··· Provided records ···

lemma exists_root_of_height_inner_pos:
  assumes "\<alpha> \<in> S" and "k \<ge> 1" and nonempty: "roots_of_height \<Delta> S \<alpha> k \<noteq> {}"
    and "ht S \<alpha> \<mu> > 0"
  shows "\<exists>\<eta>\<in>roots_of_height \<Delta> S \<alpha> k. \<mu> \<bullet> \<eta> > 0"
proof (rule ccontr)
  assume none: "\<not> ?thesis"
  let ?A = "roots_of_height \<Delta> S \<alpha> k"
  define \<rho> where "\<rho> = \<Sum>?A"
  have inner_\<rho>: "x \<bullet> \<rho> = ht S \<alpha> x * (\<alpha> \<bullet> \<rho>)" for x
    unfolding \<rho>_def by (rule inner_eq_ht_mult[OF assms(1) sum_roots_of_height_orthogonal])
  have "finite ?A"
    using finite_roots by (simp add: roots_of_height_def)
  have "ht S \<alpha> \<rho> = (\<Sum>\<beta>\<in>?A. ht S \<alpha> \<beta>)"
    by (simp add: \<rho>_def linear_sum[OF linear_ht])
  also have "\<dots> = (\<Sum>\<beta>\<in>?A. of_int k)"
    by (intro sum.cong refl) (simp add: roots_of_height_def)
  also have "\<dots> = real (card ?A) * of_int k"
    by simp
  finally have "ht S \<alpha> \<rho> > 0"
    using \<open>finite ?A\<close> nonempty \<open>k \<ge> 1\<close> by (simp add: card_gt_0_iff)
  moreover from this have "\<rho> \<bullet> \<rho> > 0"
    using linear_0[OF linear_ht] by fastforce
  ultimately have "\<alpha> \<bullet> \<rho> > 0"
    using inner_\<rho>[of \<rho>] by (simp add: zero_less_mult_iff)
  then have "\<mu> \<bullet> \<rho> > 0"
    using inner_\<rho>[of \<mu>] \<open>ht S \<alpha> \<mu> > 0\<close> by simp
  moreover have "\<mu> \<bullet> \<rho> \<le> 0"
    unfolding \<rho>_def inner_sum_right using none by (intro sum_nonpos) (simp add: not_less)
  ultimately show False
    by simp
qed

lemma roots_of_height_nonempty:
  assumes reduced: "reduced_root_system \<Delta>" and "\<alpha> \<in> S" and "\<theta> \<in> \<Delta>"
    and "1 \<le> m" and "of_int m \<le> ht S \<alpha> \<theta>"
  shows "roots_of_height \<Delta> S \<alpha> m \<noteq> {}"
proof -
  obtain K where K: "ht S \<alpha> \<theta> = of_int K"
    using ht_root_in_Ints[OF \<open>\<theta> \<in> \<Delta>\<close>] Ints_cases by blast
  have "\<alpha> \<in> roots_of_height \<Delta> S \<alpha> 1"
    using \<open>\<alpha> \<in> S\<close> simple_roots_subset by (auto simp: roots_of_height_def ht_simple_root)
  then have height_one: "roots_of_height \<Delta> S \<alpha> 1 \<noteq> {}"
    by blast
  have "m \<le> K"
    using assms(5) K by simp
  then show ?thesis
    using \<open>1 \<le> m\<close>
  proof (induction m rule: int_le_induct)
    case base
    then show ?case
      using \<open>\<theta> \<in> \<Delta>\<close> K by (auto simp: roots_of_height_def)
  next
    case (step m)
    then obtain \<beta> where \<beta>: "\<beta> \<in> \<Delta>" "ht S \<alpha> \<beta> = of_int m"
      by (auto simp: roots_of_height_def)
    then obtain \<eta> where \<eta>: "\<eta> \<in> \<Delta>" "ht S \<alpha> \<eta> = 1" and "\<beta> \<bullet> \<eta> > 0"
      using exists_root_of_height_inner_pos[OF \<open>\<alpha> \<in> S\<close> _ height_one, of \<beta>] step.prems
      by (auto simp: roots_of_height_def)
    moreover have "\<beta> \<noteq> \<eta>"
      using \<beta> \<eta> step.prems by auto
    ultimately have "\<beta> - \<eta> \<in> \<Delta>"
      using reduced_root_diff_mem[OF reduced \<beta>(1)] by blast
    moreover have "ht S \<alpha> (\<beta> - \<eta>) = of_int (m - 1)"
      using \<beta> \<eta> by (simp add: linear_diff[OF linear_ht])
    ultimately show ?case
      by (auto simp: roots_of_height_def)
  qed
qed

end
(* Assume Condition C1. Then $$\lim_{k\to\infty}k\cdot\mathbb E\Big[\prod_{i=0}^{k-1}\frac{S_i(W_0')}{S_i(W_0')+\lambda^*}\Big]=0,$$ where $W_0'\sim\mu$ is independent of $W_1',W_2',\dots$ used in the companion process.
   Context: Let $w^*>0$, $\mu$ a Borel probability measure on $[0,w^*]$, $h:[0,w^*]\to[0,\infty)$ and $g:[0,w^*]^2\to[0,\infty)$ bounded measurable. Companion process: for $w\in[0,w^*]$ and i.i.d. $\mu$-distributed $W_1',W_2',\dots$, $S_0(w)=h(w)$, $S_{i+1}(w)=S_i(w)+g(w,W'_{i+1})$. With $W\sim\mu$: $\tilde g(x)=\mathbb E[g(x,W)]$ and $\tilde g^*=\mathbb E[\sup_x g(x,W)]$. Condition C1: there is $\lambda^*>\tilde g^*$ with $\mathbb E\big[\frac{h(W)}{\lambda^*-\tilde g(W)}\big]=1$. *)

theory Defs
  imports "HOL-Probability.Probability"
begin

text \<open>Companion process: S_i(w) = h(w) + sum_{j=1..i} g(w, W'_j), where the
  sequence W' is given as a function nat => real (W' 0 is unused here).\<close>
definition companion :: "(real \<Rightarrow> real) \<Rightarrow> (real \<Rightarrow> real \<Rightarrow> real) \<Rightarrow> real \<Rightarrow> (nat \<Rightarrow> real) \<Rightarrow> nat \<Rightarrow> real"
  where "companion h g w W' i = h w + (\<Sum>j\<in>{1..i}. g w (W' j))"

definition gtilde :: "real measure \<Rightarrow> (real \<Rightarrow> real \<Rightarrow> real) \<Rightarrow> real \<Rightarrow> real"
  where "gtilde \<mu> g x = (\<integral>w. g x w \<partial>\<mu>)"

definition gtilde_star :: "real measure \<Rightarrow> (real \<Rightarrow> real \<Rightarrow> real) \<Rightarrow> real \<Rightarrow> real"
  where "gtilde_star \<mu> g wstar = (\<integral>w. (SUP x\<in>{0..wstar}. g x w) \<partial>\<mu>)"

end

theory Submission imports Defs "HOL-Real_Asymp.Real_Asymp" begin

(* Write f s = s / (s + lam) and psi v = v * ln v. Put delta = (lam - gtilde_star) / 2 and take a
   large constant c. Then
     Y_n = f (S_0) * ... * f (S_(n-1)) * psi (S_n + c + delta n)
   is a supermartingale: the next increment g (W_0', W_(n+1)') + delta has conditional mean at most
   lam - delta, and for large arguments the factor f (S_n) absorbs the resulting expected growth of psi.
   Hence psi (c + delta n) * E [f (S_0) * ... * f (S_n)] <= E [Y_n] <= E [Y_0] <= psi (B + c), and as
   psi (c + delta n) grows like n ln n, k times the expected product tends to 0. *)

lemma mult_ln_mono: "1 \<le> (a::real) \<Longrightarrow> a \<le> b \<Longrightarrow> a * ln a \<le> b * ln b"
  by (intro mult_mono) auto
(* Let $U$ be a compact right topological semigroup and let $M$ be a finite almost R-trivial monoid acting on $U$ by continuous endomorphisms. Then there exists a function $g\colon \mathbb{Y}(M)\to E(U)$ such that (i) $g$ is $M$-equivariant; (ii) $g$ is order reversing, i.e. $x\leq_{\mathbb{Y}(M)} y$ implies $g(y)\leq^U g(x)$; (iii) $g$ maps maximal elements of $\mathbb{Y}(M)$ into $I(U)$. Moreover, if $\mathbb{X}(M)$ has at most two elements, then $g$ maps maximal elements of $\mathbb{Y}(M)$ to elements of $E(U)$ that are minimal with respect to $\leq^U$.
   Context: A monoid $M$ acts on $U$ by continuous endomorphisms if there is an action $(a,u)\mapsto a(u)$ of $M$ on $U$, with $1_M$ acting as the identity, such that each map $u\mapsto a(u)$ is a continuous semigroup endomorphism of $U$. A semigroup $U$ with a topology is right topological if for each $u\in U$ the map $x\mapsto xu$ is continuous. $E(U)$ is the set of idempotents of $U$; $u\leq^U v$ means $uv=vu=u$. $I(U)$ denotes the smallest compact two-sided ideal of $U$. Elements $a,b$ of $M$ are R-equivalent if $aM=bM$; $M$ is almost R-trivial if for every $b\in M$ whose R-equivalence class has more than one element, $ab=b$ for all $a\in M$. $\mathbb{X}(M)=\{aM: a\in M\}$ ordered by inclusion, with $M$ acting by $b\cdot aM=baM$. $\mathbb{Y}(M)$ is the set of non-empty subsets of $\mathbb{X}(M)$ that are linearly ordered by inclusion, ordered by: $x\leq_{\mathbb{Y}(M)} y$ iff $x\subseteq y$ and every element of $x$ is strictly included in every element of $y\setminus x$; $M$ acts on $\mathbb{Y}(M)$ by $a x=\{a\cdot i : i\in x\}$. *)

theory Defs
  imports "HOL-Analysis.Analysis"
begin

definition semigroup_on :: "'u set \<Rightarrow> ('u \<Rightarrow> 'u \<Rightarrow> 'u) \<Rightarrow> bool" where
  "semigroup_on U mul \<longleftrightarrow>
     (\<forall>x\<in>U. \<forall>y\<in>U. mul x y \<in> U) \<and>
     (\<forall>x\<in>U. \<forall>y\<in>U. \<forall>z\<in>U. mul (mul x y) z = mul x (mul y z))"

definition compact_right_topological_semigroup ::
  "'u topology \<Rightarrow> ('u \<Rightarrow> 'u \<Rightarrow> 'u) \<Rightarrow> bool" where
  "compact_right_topological_semigroup T mul \<longleftrightarrow>
     semigroup_on (topspace T) mul \<and>
     topspace T \<noteq> {} \<and>
     compact_space T \<and> Hausdorff_space T \<and>
     (\<forall>u\<in>topspace T. continuous_map T T (\<lambda>x. mul x u))"

definition idempotents :: "'u set \<Rightarrow> ('u \<Rightarrow> 'u \<Rightarrow> 'u) \<Rightarrow> 'u set" where
  "idempotents U mul = {e \<in> U. mul e e = e}"

definition idem_le :: "('u \<Rightarrow> 'u \<Rightarrow> 'u) \<Rightarrow> 'u \<Rightarrow> 'u \<Rightarrow> bool" where
  "idem_le mul u v \<longleftrightarrow> mul u v = u \<and> mul v u = u"

definition two_sided_ideal :: "'u set \<Rightarrow> ('u \<Rightarrow> 'u \<Rightarrow> 'u) \<Rightarrow> 'u set \<Rightarrow> bool" where
  "two_sided_ideal U mul I \<longleftrightarrow> I \<noteq> {} \<and> I \<subseteq> U \<and>
     (\<forall>u\<in>U. \<forall>i\<in>I. mul u i \<in> I \<and> mul i u \<in> I)"

definition smallest_compact_ideal :: "'u topology \<Rightarrow> ('u \<Rightarrow> 'u \<Rightarrow> 'u) \<Rightarrow> 'u set" where
  "smallest_compact_ideal T mul =
     (THE I. two_sided_ideal (topspace T) mul I \<and> compactin T I \<and>
        (\<forall>J. two_sided_ideal (topspace T) mul J \<and> compactin T J \<longrightarrow> I \<subseteq> J))"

···

__Exercise__
Look back at the entries above and repeat, unchanged, every line from the line holding "then obtain \<beta>" through the line holding "using reduced_root_diff_mem[OF reduced".

__Your solution__
    then obtain \<beta> where \<beta>: "\<beta> \<in> \<Delta>" "ht S \<alpha> \<beta> = of_int m"
      by (auto simp: roots_of_height_def)
    then obtain \<eta> where \<eta>: "\<eta> \<in> \<Delta>" "ht S \<alpha> \<eta> = 1" and "\<beta> \<bullet> \<eta> > 0"
      using exists_root_of_height_inner_pos[OF \<open>\<alpha> \<in> S\<close> _ height_one, of \<beta>] step.prems
      by (auto simp: roots_of_height_def)
    moreover have "\<beta> \<noteq> \<eta>"
      using \<beta> \<eta> step.prems by auto
    ultimately have "\<beta> - \<eta> \<in> \<Delta>"
      using reduced_root_diff_mem[OF reduced \<beta>(1)] by blast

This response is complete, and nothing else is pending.